Hewlett Packard Enterprise (HPE) reported strong Q2 earnings, exceeding expectations for both revenue and EPS, and raised its FY25 EPS guidance, citing growth in AI infrastructure and GreenLake cloud adoption. Management is implementing operational improvements, including flattening the organizational structure and leveraging AI to cut costs and improve margins. An analyst has issued a BUY rating with a $21 price target, citing a compelling valuation of 5.5x EV/EBITDA and potential upside from ongoing turnaround initiatives.

Analysis

Hewlett Packard Enterprise (HPE) is exhibiting clear signs of a successful turnaround, evidenced by strong Q2 earnings that surpassed expectations on both revenue and earnings per share (EPS), and a subsequent upward revision of its EPS guidance for FY25. This improved financial outlook is substantially driven by robust growth in its AI infrastructure segment and increasing adoption of its GreenLake cloud platform, positioning HPE to capitalize on prevailing high-demand technology trends.

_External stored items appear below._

(* Let $(\mathcal{C},\psi)$ be a t-pair with $\operatorname{typ}(\mathcal{U}^{ii}_{\mathcal{C}\psi})\ne\alpha$. Then $\operatorname{typ}(\mathcal{U}^{id}_{\mathcal{C}\psi})=\operatorname{typ}(\mathcal{U}^{ia}_{\mathcal{C}\psi})=\epsilon$.
   Context: Let $\mathbb{N}=\{0,1,2,\dots\}$; for an integer $k\ge 2$ let $E_k=\{0,1,\dots,k-1\}$; let $\mathcal{P}(\mathbb{N})$ be the set of nonempty finite subsets of $\mathbb{N}$. Let $F$ be a nonempty set (of attribute names). A decision table $T\in\mathcal{M}_k(F)$ is a rectangular table with $n\ge 1$ columns labeled with attributes $f_1,\dots,f_n\in F$ (any two columns labeled with the same attribute are equal), whose rows are pairwise different tuples from $E_k^n$ (the set of rows may be empty), each row being labeled with a set of decisions from $\mathcal{P}(\mathbb{N})$. Write $At(T)=\{f_1,\dots,f_n\}$ and $\Delta(T)$ for the set of rows. For a word $\alpha=(f_{i_1},\delta_1)\cdots(f_{i_m},\delta_m)$ with $f_{i_j}\in At(T)$, $\delta_j\in E_k$, the subtable $T\alpha$ consists of the rows of $T$ having value $\delta_j$ in column $f_{i_j}$ for all $j$ ($T\lambda=T$ for the empty word $\lambda$). Operations on tables: (1) removal of a column from a table with at least two columns (if groups of equal rows appear, only the first row of each group, with its decision set, is kept); (2) changing of decisions: the decision sets attached to rows are replaced arbitrarily by sets from $\mathcal{P}(\mathbb{N})$; (3) permutation of columns: swap two columns together with their attribute labels; (4) duplication of columns: add a copy of a column (with its label) next to it. A set $\mathcal{C}\subseteq\mathcal{M}_k(F)$ is a closed class if every table obtained from a table of $\mathcal{C}$ by finitely many such operations belongs to $\mathcal{C}$. A decision tree over $\mathcal{M}_k(F)$ is a finite directed tree with a root (unique node with no entering edge) and at least two nodes such that the root and the edges leaving the root are unlabeled, each worker node (neither root nor terminal) is labeled with an attribute from $F$, each edge leaving a worker node is labeled with a number from $E_k$, and each terminal node is labeled with a number from $\mathbb{N}$. For a complete path $\xi$ (root to terminal node) whose worker nodes are labeled $f_{j_1},\dots,f_{j_m}$ in order, with the edges leaving them labeled $\delta_1,\dots,\delta_m$, put $\pi(\xi)=(f_{j_1},\delta_1)\cdots(f_{j_m},\delta_m)$, $\varphi(\xi)=f_{j_1}\cdots f_{j_m}$ (both empty if $m=0$), and let $\tau(\xi)$ be the label of its terminal node. A nondeterministic decision tree for $T$ is a decision tree $\Gamma$ whose worker-node attributes lie in $At(T)$, such that $\bigcup_{\xi}\Delta(T\pi(\xi))=\Delta(T)$ (union over complete paths), and for every row $r\in\Delta(T)$ and every complete path $\xi$ with $r\in\Delta(T\pi(\xi))$, $\tau(\xi)$ belongs to the decision set of $r$. A decision tree is deterministic if exactly one edge leaves the root and the edges leaving each worker node have pairwise different labels; a deterministic decision tree for $T$ is a deterministic decision tree that is a nondeterministic decision tree for $T$. A complexity measure over $\mathcal{M}_k(F)$ is any map $\psi:F^*\to\mathbb{N}$, where $F^*$ is the set of finite words over $F$ including the empty word $\lambda$. For a tree, $\psi(\Gamma)=\max_\xi\psi(\varphi(\xi))$ over complete paths. For $T$ with columns labeled $f_1,\dots,f_n$: $\psi^i(T)=\psi(f_1\cdots f_n)$, $\psi^d(T)$ is the minimum complexity of a deterministic decision tree for $T$, $\psi^a(T)$ the minimum complexity of a nondeterministic decision tree for $T$. A t-pair $(\mathcal{C},\psi)$ consists of a closed class $\mathcal{C}\subseteq\mathcal{M}_k(F)$ and a complexity measure $\psi$ over $\mathcal{M}_k(F)$. For $b,c\in\{i,d,a\}$ define the partial function $\mathcal{U}^{bc}_{\mathcal{C}\psi}(n)=\max\{\psi^b(T):T\in\mathcal{C},\psi^c(T)\le n\}$ (defined iff this set is nonempty and finite). For a partial function $g:\mathbb{N}\to\mathbb{N}$ with domain $\mathrm{Dom}(g)$, let $\mathrm{Dom}^+(g)=\{n\in\mathrm{Dom}(g):g(n)\ge n\}$, $\mathrm{Dom}^-(g)=\{n\in\mathrm{Dom}(g):g(n)\le n\}$. Its type $\operatorname{typ}(g)$ is: $\alpha$ if $\mathrm{Dom}(g)$ is infinite and $g$ is bounded above; $\beta$ if $\mathrm{Dom}(g)$ is infinite, $\mathrm{Dom}^+(g)$ is finite and $g$ is unbounded above; $\gamma$ if $\mathrm{Dom}^+(g)$ and $\mathrm{Dom}^-(g)$ are both infinite; $\delta$ if $\mathrm{Dom}(g)$ is infinite and $\mathrm{Dom}^-(g)$ is finite; $\epsilon$ if $\mathrm{Dom}(g)$ is finite. *)

theory Defs
  imports Main
begin
(* Let $m_1,m_2\geq 1$, $m=m_1+m_2$, $j=\mathrm{diag}(I_{m_1},-I_{m_2})$, and let $\{C_k\}_{k\geq 0}$ be a sequence of $m\times m$ matrices with $C_k>0$ and $C_kjC_k=j$ for all $k\geq 0$. Then the discrete Dirac system $y_{k+1}(z)=(I_m+\mathrm{i} z jC_k)y_k(z)$ $(k\geq 0)$ has a unique Weyl function $\varphi$, and this Weyl function is analytic and contractive (i.e. $\varphi(z)^*\varphi(z)\leq I_{m_2}$) on the open lower half-plane $\mathbb{C}_-$.
   Context: The fundamental solution $\{W_k(z)\}$ of the system is defined by $W_0(z)=I_m$, $W_{k+1}(z)=(I_m+\mathrm{i} z jC_k)W_k(z)$. Put $q(z)=(1+|z|^2)^{-1}$. A Weyl function of the system is an $m_1\times m_2$ matrix function $\varphi$ on $\mathbb{C}_-$ such that for every $z\in\mathbb{C}_-$ the series $\sum_{k=0}^\infty q(z)^k\begin{bmatrix}\varphi(z)^* & I_{m_2}\end{bmatrix}W_k(z)^*C_kW_k(z)\begin{bmatrix}\varphi(z)\\ I_{m_2}\end{bmatrix}$ is finite (converges). *)

theory Defs
  imports "HOL-Analysis.Analysis"
begin

text \<open>Block index type: rows/columns of an m x m matrix with m = m1 + m2 are indexed by
  'a + 'b, where CARD('a) = m1 and CARD('b) = m2 (both automatically at least 1).\<close>

definition adj :: "complex ^ 'n ^ 'm \<Rightarrow> complex ^ 'm ^ 'n" where
  "adj A = (\<chi> i j. cnj (A $ j $ i))"

definition hermitian :: "complex ^ 'n ^ 'n \<Rightarrow> bool" where
  "hermitian A \<longleftrightarrow> adj A = A"

definition qform :: "complex ^ 'n ^ 'n \<Rightarrow> complex ^ 'n \<Rightarrow> complex" where
  "qform A x = (\<Sum>i\<in>UNIV. cnj (x $ i) * (A *v x) $ i)"

definition pos_def :: "complex ^ 'n ^ 'n \<Rightarrow> bool" where
  "pos_def A \<longleftrightarrow> hermitian A \<and> (\<forall>x. x \<noteq> 0 \<longrightarrow> Re (qform A x) > 0)"

definition pos_semidef :: "complex ^ 'n ^ 'n \<Rightarrow> bool" where
  "pos_semidef A \<longleftrightarrow> hermitian A \<and> (\<forall>x. Re (qform A x) \<ge> 0)"

definition loewner_le :: "complex ^ 'n ^ 'n \<Rightarrow> complex ^ 'n ^ 'n \<Rightarrow> bool" where
  "loewner_le A B \<longleftrightarrow> pos_semidef (B - A)"

definition jmat :: "complex ^ ('a::finite + 'b::finite) ^ ('a + 'b)" where
  "jmat = (\<chi> r s. if r = s then (case r of Inl _ \<Rightarrow> 1 | Inr _ \<Rightarrow> -1) else 0)"

primrec W :: "(nat \<Rightarrow> complex ^ ('a::finite + 'b::finite) ^ ('a + 'b)) \<Rightarrow> complex \<Rightarrow> nat
               \<Rightarrow> complex ^ ('a + 'b) ^ ('a + 'b)" where
  "W C z 0 = mat 1"
| "W C z (Suc k) = (mat 1 + mat (\<i> * z) ** jmat ** C k) ** W C z k"

definition q :: "complex \<Rightarrow> real" where
  "q z = 1 / (1 + (cmod z)\<^sup>2)"

definition lower_half_plane :: "complex set" where
  "lower_half_plane = {z. Im z < 0}"

definition stack_id :: "complex ^ 'b ^ 'a \<Rightarrow> complex ^ 'b ^ ('a::finite + 'b::finite)" where
  "stack_id P = (\<chi> r c. case r of Inl i \<Rightarrow> P $ i $ c | Inr i \<Rightarrow> (if i = c then 1 else 0))"

definition is_weyl :: "(nat \<Rightarrow> complex ^ ('a::finite + 'b::finite) ^ ('a + 'b))
                        \<Rightarrow> (complex \<Rightarrow> complex ^ 'b ^ 'a) \<Rightarrow> bool" where
  "is_weyl C \<phi> \<longleftrightarrow> (\<forall>z \<in> lower_half_plane.
     summable (\<lambda>k. (q z) ^ k *\<^sub>R
        (adj (stack_id (\<phi> z)) ** adj (W C z k) ** C k ** W C z k ** stack_id (\<phi> z))))"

Concurrently, management is actively pursuing operational enhancements, including flattening the organizational structure, leveraging artificial intelligence for internal efficiencies, and implementing cost-reduction measures, all aimed at bolstering margins and fostering innovation. From a valuation perspective, HPE appears compelling at a 5.5x EV/EBITDA multiple, trading at a discount relative to its peers, which, combined with the ongoing turnaround initiatives and strong execution, supports an analyst's BUY rating and a $21 price target.